Dataset entries
[Start of Attachment]

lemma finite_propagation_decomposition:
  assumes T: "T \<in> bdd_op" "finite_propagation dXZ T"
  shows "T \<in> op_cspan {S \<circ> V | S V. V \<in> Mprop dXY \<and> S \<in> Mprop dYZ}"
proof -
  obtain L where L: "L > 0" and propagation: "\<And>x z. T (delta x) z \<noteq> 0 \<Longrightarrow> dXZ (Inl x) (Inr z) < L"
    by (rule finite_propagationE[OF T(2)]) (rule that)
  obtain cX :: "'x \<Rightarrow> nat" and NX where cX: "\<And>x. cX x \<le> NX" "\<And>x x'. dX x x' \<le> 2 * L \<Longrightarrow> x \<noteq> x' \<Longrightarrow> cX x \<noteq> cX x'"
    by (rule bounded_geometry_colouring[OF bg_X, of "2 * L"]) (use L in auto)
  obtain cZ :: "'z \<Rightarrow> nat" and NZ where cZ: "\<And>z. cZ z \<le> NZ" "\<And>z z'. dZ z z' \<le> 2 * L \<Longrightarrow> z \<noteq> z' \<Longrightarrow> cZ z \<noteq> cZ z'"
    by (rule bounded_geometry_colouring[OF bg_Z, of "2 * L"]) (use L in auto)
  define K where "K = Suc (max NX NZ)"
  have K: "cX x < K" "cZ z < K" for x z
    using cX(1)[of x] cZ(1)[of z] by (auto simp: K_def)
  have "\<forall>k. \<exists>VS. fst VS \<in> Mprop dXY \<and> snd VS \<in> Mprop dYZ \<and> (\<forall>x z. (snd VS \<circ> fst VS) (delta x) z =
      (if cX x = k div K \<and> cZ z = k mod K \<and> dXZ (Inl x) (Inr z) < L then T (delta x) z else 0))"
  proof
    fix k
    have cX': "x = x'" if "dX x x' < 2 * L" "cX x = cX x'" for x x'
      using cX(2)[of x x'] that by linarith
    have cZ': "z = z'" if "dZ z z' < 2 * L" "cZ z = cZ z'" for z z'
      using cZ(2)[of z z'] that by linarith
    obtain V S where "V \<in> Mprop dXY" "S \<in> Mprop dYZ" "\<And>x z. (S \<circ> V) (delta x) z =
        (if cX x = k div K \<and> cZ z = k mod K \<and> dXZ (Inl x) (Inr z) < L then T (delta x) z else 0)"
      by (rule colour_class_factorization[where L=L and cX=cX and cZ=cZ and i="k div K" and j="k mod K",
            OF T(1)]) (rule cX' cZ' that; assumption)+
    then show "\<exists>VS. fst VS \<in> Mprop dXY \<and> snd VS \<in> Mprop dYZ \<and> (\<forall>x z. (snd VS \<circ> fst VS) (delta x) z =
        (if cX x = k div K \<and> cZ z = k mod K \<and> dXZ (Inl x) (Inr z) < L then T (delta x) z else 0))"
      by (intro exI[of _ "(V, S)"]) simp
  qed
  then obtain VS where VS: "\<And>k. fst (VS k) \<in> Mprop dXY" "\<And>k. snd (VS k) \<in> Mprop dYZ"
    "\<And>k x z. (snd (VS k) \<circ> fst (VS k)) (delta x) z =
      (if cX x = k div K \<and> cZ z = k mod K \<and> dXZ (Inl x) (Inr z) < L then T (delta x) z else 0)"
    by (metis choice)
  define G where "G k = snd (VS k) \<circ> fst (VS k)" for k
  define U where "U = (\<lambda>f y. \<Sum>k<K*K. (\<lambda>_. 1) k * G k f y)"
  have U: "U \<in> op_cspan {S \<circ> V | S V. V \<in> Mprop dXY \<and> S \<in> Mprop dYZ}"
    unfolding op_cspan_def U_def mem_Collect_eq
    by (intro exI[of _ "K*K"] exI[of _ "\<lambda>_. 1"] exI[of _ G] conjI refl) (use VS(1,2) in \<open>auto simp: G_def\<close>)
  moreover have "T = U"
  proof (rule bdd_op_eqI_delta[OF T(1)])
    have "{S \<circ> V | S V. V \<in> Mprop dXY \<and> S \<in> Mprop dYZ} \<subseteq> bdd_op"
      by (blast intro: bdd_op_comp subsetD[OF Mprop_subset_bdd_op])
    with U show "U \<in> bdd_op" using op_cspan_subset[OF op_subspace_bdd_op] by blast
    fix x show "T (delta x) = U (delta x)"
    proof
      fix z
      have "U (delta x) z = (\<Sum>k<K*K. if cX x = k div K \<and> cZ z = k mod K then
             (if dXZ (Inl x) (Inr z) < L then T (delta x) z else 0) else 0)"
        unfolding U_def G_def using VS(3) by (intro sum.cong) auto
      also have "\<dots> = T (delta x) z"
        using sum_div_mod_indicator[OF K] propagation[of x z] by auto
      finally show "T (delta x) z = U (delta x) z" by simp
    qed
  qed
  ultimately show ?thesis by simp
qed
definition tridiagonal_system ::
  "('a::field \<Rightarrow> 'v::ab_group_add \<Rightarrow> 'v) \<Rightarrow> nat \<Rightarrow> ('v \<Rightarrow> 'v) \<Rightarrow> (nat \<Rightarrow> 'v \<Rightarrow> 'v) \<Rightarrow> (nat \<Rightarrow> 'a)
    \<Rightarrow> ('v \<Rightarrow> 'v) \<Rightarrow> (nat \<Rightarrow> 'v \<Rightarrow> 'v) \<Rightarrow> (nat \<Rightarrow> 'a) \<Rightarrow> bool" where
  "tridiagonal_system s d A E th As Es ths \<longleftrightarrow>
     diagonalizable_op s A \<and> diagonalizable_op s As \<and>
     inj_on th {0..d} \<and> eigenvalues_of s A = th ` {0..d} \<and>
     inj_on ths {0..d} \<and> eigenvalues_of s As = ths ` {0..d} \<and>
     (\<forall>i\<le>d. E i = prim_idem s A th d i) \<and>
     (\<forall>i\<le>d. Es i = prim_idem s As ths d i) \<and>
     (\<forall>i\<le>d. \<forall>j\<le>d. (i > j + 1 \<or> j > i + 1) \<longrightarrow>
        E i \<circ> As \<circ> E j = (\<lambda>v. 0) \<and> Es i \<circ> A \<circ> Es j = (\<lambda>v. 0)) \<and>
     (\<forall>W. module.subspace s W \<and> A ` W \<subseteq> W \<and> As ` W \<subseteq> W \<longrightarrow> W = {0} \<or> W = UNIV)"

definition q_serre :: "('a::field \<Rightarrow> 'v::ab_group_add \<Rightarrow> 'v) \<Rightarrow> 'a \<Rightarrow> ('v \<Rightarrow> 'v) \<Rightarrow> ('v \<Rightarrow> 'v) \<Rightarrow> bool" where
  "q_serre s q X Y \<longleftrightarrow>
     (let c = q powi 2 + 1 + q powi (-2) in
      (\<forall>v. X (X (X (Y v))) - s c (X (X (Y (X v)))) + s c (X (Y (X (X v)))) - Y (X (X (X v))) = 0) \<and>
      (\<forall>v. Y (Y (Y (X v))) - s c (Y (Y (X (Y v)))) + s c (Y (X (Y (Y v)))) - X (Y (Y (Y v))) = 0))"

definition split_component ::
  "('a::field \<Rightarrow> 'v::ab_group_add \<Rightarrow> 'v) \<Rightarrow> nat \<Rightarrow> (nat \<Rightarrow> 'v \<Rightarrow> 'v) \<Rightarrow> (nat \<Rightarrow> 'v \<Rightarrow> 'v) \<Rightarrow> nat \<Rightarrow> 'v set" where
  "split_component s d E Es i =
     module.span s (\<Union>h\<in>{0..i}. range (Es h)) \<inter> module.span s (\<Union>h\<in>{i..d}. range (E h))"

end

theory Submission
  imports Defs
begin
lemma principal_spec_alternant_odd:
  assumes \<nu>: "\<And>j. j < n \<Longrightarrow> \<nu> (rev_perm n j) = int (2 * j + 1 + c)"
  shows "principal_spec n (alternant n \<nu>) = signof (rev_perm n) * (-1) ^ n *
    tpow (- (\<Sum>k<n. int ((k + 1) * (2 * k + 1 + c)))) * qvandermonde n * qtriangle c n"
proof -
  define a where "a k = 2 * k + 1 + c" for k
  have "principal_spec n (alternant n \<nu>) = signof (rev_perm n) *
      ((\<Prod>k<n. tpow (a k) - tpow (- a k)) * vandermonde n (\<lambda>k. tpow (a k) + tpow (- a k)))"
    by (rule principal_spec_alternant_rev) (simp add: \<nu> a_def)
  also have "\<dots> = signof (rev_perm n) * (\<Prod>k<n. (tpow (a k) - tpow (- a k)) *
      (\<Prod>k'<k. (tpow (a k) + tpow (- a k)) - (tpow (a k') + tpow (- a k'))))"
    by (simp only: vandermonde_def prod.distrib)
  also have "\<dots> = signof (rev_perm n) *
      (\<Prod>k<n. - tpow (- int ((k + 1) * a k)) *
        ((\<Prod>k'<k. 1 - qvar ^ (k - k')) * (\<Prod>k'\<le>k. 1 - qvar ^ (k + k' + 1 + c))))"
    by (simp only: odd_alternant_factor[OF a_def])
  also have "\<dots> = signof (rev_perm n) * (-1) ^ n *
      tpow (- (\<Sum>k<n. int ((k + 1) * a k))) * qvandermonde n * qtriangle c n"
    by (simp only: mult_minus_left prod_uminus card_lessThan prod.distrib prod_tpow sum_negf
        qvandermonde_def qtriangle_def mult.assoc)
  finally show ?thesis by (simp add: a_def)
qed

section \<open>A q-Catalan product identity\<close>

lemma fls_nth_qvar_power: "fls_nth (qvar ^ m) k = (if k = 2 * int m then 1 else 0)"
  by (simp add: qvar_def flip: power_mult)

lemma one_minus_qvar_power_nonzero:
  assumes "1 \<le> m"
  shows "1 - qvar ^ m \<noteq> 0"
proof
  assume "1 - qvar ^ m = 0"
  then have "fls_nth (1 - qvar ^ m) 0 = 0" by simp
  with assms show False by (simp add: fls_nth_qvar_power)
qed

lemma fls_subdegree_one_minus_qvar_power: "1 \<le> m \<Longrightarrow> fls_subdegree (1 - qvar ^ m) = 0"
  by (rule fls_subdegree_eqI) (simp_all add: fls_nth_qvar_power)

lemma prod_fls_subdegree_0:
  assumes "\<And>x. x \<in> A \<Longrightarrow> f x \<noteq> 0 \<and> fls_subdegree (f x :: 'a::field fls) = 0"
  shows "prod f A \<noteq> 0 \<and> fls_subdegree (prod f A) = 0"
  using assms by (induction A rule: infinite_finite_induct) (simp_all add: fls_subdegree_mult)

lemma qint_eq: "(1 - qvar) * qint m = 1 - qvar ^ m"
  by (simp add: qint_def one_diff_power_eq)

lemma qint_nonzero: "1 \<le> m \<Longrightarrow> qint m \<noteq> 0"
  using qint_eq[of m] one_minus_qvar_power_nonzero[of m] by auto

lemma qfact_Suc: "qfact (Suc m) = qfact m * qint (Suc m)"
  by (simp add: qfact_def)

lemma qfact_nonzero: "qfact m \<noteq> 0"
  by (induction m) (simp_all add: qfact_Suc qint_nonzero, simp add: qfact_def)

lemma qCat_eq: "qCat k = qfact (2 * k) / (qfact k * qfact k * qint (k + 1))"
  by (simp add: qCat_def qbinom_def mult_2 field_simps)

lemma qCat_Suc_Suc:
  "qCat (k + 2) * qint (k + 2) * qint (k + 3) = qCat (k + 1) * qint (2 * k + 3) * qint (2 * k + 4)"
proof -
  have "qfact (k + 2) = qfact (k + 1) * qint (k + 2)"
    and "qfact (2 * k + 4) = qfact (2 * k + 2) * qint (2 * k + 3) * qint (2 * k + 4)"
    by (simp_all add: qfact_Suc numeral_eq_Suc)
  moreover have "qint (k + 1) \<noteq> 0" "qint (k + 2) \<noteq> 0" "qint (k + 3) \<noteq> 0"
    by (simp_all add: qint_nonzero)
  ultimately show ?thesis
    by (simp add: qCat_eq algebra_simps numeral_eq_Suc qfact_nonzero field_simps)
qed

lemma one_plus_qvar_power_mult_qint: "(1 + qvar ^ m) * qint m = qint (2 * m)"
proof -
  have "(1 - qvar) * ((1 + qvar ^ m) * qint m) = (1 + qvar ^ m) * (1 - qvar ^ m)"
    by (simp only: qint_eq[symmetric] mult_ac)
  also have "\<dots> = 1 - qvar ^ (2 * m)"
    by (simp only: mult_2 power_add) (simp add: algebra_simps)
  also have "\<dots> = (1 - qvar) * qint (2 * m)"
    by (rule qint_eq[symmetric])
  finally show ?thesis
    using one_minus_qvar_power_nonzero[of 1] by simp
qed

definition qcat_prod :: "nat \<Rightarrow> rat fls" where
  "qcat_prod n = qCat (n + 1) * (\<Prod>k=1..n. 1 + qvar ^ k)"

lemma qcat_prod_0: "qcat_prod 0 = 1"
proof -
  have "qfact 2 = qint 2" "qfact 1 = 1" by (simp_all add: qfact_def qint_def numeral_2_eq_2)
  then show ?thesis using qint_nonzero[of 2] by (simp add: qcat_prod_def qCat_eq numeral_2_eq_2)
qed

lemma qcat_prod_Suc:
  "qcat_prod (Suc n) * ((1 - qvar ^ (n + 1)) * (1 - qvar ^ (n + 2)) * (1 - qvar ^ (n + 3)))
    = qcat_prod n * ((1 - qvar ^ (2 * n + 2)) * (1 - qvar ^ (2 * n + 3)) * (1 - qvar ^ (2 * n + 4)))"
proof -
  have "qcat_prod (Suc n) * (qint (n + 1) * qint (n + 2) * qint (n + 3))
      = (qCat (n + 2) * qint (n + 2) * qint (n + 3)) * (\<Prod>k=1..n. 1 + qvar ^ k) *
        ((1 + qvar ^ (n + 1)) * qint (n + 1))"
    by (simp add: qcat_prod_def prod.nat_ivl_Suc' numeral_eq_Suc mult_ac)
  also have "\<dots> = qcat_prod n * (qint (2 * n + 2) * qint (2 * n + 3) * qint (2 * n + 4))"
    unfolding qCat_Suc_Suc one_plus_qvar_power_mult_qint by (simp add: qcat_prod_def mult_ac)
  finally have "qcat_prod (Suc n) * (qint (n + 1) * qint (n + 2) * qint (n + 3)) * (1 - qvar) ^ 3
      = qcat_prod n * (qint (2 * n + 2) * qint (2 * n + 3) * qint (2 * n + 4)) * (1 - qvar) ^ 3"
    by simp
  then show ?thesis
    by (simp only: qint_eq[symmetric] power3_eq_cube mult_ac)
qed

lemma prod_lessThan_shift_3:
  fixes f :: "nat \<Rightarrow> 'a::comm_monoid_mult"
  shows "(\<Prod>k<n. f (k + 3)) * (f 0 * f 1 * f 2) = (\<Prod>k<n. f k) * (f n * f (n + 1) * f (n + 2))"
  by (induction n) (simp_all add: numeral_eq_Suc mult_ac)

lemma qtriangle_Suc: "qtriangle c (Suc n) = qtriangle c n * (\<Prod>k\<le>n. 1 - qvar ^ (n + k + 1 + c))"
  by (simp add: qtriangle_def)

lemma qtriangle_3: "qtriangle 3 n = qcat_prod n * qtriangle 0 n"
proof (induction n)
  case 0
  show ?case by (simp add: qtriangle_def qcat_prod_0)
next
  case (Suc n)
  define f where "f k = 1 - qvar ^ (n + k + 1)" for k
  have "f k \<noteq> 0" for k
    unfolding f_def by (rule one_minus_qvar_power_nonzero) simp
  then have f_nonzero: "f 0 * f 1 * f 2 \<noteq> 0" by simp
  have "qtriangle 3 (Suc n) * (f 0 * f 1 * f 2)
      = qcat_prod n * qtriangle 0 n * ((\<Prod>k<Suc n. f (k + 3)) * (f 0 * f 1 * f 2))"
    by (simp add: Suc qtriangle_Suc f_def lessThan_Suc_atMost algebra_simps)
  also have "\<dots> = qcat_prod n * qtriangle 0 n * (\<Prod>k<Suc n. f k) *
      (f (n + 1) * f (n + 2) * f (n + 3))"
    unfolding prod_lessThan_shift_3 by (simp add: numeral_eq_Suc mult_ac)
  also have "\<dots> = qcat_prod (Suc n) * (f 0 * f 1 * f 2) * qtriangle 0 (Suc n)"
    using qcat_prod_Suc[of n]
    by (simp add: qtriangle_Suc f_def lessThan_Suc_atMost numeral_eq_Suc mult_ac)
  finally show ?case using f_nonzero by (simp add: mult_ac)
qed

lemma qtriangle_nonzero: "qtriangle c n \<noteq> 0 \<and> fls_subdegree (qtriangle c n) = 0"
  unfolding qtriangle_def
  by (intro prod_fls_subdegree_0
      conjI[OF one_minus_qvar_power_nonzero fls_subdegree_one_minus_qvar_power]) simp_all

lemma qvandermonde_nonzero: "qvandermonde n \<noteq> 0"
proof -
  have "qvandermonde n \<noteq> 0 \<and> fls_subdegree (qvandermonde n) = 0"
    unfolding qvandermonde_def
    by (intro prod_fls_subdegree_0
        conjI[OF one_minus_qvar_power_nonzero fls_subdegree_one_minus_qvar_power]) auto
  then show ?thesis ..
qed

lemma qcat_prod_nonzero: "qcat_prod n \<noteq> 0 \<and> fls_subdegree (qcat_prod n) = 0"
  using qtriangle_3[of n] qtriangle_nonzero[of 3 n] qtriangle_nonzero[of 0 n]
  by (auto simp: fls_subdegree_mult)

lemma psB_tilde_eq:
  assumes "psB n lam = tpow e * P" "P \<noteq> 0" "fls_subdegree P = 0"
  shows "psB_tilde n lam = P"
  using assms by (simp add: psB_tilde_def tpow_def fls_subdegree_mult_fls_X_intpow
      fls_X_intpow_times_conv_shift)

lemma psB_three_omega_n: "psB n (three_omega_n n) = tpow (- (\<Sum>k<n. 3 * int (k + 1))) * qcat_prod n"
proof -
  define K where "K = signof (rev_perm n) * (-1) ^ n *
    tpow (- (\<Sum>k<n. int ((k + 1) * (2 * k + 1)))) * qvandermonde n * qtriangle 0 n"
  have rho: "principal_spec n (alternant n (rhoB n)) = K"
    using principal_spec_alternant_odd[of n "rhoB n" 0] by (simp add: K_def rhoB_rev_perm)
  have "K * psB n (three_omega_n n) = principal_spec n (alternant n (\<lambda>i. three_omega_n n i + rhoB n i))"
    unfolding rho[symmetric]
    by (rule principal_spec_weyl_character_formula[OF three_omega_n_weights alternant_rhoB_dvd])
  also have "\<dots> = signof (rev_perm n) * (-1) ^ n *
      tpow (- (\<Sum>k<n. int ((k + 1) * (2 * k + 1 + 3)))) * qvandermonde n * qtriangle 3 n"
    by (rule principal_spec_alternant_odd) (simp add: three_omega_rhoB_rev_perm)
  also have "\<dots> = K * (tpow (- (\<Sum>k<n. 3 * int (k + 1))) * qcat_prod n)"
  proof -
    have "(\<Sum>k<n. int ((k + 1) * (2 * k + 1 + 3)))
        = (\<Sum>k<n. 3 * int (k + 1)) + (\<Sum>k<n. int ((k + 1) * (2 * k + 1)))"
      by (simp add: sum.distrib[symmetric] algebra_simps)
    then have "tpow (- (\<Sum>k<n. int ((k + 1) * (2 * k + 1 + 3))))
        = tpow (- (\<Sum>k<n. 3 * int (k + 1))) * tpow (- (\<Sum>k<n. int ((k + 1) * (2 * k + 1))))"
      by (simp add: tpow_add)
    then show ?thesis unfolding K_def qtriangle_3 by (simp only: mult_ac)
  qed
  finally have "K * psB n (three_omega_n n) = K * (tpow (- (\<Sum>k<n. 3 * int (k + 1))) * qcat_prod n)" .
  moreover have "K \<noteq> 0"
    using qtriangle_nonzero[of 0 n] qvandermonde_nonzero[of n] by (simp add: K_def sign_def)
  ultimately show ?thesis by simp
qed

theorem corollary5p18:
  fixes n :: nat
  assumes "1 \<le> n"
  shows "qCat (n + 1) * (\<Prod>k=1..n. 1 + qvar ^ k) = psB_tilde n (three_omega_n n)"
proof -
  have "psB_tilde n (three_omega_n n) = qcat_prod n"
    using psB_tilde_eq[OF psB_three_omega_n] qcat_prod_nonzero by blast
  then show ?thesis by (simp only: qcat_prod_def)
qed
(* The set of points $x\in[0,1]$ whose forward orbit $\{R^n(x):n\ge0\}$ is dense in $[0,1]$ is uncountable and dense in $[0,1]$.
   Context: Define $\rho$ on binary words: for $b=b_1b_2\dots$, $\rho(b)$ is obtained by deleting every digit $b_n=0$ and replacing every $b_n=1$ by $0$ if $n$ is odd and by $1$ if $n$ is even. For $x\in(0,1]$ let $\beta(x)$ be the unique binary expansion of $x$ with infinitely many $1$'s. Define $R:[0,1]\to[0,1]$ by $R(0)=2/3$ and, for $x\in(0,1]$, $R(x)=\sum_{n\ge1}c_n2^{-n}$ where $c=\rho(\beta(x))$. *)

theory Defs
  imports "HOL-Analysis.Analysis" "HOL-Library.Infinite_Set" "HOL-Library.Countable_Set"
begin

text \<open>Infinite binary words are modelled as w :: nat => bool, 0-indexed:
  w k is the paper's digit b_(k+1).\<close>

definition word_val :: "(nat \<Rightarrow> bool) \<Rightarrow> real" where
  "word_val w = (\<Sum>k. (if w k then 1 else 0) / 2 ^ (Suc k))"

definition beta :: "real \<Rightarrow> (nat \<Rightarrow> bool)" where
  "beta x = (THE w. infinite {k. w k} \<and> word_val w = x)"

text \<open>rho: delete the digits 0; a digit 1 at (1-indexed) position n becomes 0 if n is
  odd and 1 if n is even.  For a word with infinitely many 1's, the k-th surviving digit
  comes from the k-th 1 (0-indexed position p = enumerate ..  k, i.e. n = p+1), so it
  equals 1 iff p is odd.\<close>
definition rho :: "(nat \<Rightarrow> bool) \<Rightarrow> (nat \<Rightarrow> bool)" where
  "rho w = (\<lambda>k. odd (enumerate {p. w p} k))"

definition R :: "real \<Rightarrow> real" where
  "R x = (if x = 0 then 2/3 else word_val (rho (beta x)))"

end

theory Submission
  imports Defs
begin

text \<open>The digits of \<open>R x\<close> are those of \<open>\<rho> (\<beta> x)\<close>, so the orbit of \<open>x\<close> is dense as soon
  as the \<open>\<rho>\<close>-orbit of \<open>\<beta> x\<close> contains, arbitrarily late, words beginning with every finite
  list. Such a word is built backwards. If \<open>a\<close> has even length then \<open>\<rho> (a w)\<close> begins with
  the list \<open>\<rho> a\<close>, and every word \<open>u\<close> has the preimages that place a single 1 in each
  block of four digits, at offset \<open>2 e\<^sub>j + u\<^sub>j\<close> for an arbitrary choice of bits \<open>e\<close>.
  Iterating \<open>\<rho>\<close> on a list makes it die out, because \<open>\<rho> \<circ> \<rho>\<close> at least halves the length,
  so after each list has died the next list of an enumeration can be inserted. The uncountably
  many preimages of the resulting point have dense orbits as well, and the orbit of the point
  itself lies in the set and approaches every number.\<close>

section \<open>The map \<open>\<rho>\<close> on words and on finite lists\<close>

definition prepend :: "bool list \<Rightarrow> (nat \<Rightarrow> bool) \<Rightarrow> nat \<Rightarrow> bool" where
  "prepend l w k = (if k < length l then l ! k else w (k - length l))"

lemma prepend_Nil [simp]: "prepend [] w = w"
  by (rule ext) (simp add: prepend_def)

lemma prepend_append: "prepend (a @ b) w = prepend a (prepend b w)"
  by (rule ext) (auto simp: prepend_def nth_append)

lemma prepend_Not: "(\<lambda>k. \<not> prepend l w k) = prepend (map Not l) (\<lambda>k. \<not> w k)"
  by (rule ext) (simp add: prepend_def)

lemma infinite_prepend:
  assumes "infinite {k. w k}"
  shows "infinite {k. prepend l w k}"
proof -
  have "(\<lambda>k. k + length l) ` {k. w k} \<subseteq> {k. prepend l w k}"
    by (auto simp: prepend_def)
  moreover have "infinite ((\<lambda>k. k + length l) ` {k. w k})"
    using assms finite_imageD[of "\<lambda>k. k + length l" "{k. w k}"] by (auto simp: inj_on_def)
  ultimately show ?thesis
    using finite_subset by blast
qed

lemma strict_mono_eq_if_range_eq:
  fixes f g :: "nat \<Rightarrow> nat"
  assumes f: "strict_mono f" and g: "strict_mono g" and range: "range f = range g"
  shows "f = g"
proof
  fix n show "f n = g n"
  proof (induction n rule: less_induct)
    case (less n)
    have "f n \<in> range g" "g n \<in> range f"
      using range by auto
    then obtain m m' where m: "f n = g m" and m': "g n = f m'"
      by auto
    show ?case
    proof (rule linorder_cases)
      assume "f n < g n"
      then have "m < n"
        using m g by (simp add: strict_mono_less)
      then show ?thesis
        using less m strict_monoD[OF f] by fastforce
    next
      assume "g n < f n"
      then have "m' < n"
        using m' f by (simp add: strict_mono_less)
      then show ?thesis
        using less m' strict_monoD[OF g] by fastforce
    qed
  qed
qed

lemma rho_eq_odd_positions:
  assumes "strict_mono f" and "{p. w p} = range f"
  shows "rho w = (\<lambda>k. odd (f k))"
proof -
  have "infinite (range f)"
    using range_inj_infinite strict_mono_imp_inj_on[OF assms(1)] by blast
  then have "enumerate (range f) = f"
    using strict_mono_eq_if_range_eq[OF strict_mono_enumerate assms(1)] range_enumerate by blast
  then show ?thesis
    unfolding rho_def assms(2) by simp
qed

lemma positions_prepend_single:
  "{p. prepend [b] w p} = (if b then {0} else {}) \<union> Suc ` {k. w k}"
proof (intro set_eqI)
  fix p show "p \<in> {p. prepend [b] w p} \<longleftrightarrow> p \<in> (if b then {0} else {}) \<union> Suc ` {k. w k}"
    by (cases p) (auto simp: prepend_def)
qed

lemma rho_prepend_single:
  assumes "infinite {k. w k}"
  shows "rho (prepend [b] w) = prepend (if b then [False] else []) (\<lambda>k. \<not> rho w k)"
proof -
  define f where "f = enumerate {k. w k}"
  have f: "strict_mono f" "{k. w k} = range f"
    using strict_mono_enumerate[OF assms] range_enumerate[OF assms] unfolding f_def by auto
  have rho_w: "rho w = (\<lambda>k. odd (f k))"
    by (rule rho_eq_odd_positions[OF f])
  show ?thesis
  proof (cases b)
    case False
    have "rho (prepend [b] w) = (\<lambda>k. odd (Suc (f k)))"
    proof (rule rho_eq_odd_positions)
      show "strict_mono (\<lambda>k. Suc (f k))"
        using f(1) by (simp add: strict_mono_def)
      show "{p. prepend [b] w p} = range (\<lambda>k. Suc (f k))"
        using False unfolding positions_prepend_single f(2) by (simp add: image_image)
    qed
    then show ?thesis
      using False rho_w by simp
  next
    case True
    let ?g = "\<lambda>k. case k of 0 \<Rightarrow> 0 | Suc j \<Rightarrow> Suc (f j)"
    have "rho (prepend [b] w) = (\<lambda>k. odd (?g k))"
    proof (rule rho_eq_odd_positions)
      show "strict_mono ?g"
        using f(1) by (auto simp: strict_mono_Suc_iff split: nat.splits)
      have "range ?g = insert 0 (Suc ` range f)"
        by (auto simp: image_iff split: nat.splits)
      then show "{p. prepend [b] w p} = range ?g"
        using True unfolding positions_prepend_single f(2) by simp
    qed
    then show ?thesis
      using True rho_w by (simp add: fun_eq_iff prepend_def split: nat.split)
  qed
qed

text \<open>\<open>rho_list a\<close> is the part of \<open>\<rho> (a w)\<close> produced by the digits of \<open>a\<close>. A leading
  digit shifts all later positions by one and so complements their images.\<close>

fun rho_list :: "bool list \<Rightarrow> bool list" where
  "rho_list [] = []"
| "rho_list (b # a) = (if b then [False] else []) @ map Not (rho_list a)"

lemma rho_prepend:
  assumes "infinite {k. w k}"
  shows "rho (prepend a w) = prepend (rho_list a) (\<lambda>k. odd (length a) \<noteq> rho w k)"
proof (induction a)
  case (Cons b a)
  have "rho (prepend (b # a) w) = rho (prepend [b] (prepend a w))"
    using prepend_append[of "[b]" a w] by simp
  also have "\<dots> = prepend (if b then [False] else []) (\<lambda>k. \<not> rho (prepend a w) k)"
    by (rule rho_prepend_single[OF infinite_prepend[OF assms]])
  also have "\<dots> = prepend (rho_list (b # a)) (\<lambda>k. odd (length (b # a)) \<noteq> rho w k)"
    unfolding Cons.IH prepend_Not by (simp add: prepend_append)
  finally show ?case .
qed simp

[End of Attachment]

• Task prompt: Exactly as they appear above, output the lines of the data from the first through the one that contains "by (rule finite_propagationE[OF", and only those lines.

• Your response:
lemma finite_propagation_decomposition:
  assumes T: "T \<in> bdd_op" "finite_propagation dXZ T"
  shows "T \<in> op_cspan {S \<circ> V | S V. V \<in> Mprop dXY \<and> S \<in> Mprop dYZ}"
proof -
  obtain L where L: "L > 0" and propagation: "\<And>x z. T (delta x) z \<noteq> 0 \<Longrightarrow> dXZ (Inl x) (Inr z) < L"
    by (rule finite_propagationE[OF T(2)]) (rule that)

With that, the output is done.